AIM OF THE EXERCISE | Please return exactly the lines from the one containing "Y = killing" through the end of the records, including both.

DATA TO EXAMINE |
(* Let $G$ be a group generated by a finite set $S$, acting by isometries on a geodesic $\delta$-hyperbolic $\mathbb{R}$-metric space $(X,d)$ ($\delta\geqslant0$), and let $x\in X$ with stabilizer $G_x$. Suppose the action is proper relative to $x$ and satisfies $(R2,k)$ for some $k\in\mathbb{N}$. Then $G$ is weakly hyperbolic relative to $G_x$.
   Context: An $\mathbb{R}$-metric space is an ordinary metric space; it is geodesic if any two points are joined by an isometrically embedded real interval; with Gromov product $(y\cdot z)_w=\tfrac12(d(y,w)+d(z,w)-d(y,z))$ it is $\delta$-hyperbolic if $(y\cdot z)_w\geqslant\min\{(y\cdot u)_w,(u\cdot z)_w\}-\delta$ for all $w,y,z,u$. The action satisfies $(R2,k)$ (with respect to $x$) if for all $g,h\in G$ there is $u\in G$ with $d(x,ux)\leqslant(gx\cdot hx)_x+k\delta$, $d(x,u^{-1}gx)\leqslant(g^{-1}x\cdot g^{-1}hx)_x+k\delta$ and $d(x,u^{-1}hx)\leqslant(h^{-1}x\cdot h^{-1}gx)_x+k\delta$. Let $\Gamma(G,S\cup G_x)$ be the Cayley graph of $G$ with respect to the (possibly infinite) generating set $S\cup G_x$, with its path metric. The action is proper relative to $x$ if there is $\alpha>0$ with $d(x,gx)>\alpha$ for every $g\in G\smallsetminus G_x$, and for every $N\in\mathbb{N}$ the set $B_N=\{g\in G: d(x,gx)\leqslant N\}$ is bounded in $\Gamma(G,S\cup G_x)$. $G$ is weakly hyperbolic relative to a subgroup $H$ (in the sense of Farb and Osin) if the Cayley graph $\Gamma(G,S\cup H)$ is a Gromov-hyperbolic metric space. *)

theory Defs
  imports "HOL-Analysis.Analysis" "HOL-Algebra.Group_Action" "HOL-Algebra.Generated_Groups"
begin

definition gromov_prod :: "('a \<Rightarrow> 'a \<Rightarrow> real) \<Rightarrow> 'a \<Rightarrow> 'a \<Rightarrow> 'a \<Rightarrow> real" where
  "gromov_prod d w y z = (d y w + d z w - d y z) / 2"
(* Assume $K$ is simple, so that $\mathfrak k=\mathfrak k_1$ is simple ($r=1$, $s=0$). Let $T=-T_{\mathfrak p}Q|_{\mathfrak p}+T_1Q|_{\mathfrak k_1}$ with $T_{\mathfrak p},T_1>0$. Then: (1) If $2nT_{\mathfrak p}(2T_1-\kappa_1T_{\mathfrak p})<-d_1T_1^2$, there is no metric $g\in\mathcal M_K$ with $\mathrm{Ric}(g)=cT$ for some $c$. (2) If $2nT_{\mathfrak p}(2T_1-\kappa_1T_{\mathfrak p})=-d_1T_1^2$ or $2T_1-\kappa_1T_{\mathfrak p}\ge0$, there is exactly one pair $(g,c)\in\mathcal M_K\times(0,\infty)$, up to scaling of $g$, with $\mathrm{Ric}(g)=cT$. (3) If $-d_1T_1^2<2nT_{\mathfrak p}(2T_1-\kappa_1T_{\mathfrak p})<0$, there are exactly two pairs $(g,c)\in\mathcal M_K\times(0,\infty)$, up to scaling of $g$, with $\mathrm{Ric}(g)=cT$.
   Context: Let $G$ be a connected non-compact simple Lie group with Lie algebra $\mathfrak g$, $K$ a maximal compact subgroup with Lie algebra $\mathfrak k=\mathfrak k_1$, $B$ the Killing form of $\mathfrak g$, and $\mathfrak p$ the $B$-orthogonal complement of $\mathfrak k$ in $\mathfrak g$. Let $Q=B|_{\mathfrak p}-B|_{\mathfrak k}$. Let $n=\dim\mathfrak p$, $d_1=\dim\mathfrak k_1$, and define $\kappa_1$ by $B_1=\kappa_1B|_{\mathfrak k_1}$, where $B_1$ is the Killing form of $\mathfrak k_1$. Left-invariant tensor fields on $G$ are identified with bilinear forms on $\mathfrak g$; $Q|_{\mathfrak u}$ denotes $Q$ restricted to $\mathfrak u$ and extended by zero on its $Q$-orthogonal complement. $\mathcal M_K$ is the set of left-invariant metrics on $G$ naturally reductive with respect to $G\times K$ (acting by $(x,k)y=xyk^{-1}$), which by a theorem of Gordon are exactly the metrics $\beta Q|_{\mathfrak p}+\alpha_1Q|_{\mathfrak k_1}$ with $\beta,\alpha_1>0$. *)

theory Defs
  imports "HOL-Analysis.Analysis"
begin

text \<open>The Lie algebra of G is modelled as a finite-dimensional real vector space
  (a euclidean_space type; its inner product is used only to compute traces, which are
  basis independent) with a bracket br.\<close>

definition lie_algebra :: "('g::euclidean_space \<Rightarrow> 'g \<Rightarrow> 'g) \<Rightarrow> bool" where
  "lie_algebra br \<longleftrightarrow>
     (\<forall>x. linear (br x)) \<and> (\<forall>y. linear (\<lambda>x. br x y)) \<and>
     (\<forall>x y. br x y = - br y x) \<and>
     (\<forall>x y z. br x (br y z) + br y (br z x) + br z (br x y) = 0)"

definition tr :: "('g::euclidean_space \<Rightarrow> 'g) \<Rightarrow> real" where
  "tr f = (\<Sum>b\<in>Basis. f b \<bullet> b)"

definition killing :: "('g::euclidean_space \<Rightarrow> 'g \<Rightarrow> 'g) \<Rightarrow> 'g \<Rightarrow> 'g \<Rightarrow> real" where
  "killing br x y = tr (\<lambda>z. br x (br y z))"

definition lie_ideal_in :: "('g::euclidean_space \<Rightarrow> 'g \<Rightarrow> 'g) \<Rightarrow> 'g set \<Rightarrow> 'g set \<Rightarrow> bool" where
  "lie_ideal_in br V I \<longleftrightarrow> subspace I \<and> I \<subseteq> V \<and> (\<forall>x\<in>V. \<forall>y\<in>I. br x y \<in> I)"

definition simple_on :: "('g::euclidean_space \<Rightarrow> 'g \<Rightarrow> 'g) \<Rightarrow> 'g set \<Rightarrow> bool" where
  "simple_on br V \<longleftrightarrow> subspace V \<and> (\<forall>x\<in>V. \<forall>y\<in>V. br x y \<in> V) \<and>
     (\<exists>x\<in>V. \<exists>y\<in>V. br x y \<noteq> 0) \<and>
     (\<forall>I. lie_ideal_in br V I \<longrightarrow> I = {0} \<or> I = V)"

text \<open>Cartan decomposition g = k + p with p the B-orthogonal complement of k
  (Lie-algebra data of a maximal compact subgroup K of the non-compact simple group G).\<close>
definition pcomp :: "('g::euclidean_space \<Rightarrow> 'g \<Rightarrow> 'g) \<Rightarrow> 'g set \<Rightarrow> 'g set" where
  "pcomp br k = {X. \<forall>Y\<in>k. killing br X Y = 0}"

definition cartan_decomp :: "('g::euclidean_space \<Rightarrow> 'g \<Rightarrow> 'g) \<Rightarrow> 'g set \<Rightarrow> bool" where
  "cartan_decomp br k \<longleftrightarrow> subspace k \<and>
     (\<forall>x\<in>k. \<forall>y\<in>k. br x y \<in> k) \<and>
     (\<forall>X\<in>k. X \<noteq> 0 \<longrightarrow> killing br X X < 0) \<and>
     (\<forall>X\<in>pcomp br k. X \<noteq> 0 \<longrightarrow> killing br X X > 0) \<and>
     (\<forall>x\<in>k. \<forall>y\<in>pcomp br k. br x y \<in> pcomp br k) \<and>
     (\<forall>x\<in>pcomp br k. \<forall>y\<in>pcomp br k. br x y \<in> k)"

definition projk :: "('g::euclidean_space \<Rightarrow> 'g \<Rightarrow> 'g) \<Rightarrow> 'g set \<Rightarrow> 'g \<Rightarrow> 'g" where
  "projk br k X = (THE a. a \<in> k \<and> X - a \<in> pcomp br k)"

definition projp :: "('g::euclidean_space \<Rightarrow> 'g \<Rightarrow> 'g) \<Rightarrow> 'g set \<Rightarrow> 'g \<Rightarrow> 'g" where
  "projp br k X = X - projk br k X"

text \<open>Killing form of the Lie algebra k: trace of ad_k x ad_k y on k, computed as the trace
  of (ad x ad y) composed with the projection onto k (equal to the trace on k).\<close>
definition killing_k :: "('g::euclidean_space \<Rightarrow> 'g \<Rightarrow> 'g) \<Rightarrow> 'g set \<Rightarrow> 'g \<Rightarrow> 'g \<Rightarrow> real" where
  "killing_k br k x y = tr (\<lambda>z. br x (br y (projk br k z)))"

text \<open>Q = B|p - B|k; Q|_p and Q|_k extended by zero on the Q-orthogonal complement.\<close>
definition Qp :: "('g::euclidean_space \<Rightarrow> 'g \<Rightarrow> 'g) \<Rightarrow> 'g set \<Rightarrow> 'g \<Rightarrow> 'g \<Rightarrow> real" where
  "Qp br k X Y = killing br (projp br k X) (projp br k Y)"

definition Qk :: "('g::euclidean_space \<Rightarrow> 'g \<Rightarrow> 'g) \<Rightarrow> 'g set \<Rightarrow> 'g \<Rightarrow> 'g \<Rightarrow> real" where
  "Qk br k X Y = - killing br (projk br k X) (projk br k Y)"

TASK RESULT |
  "Qp br k X Y = killing br (projp br k X) (projp br k Y)"

definition Qk :: "('g::euclidean_space \<Rightarrow> 'g \<Rightarrow> 'g) \<Rightarrow> 'g set \<Rightarrow> 'g \<Rightarrow> 'g \<Rightarrow> real" where
  "Qk br k X Y = - killing br (projk br k X) (projk br k Y)"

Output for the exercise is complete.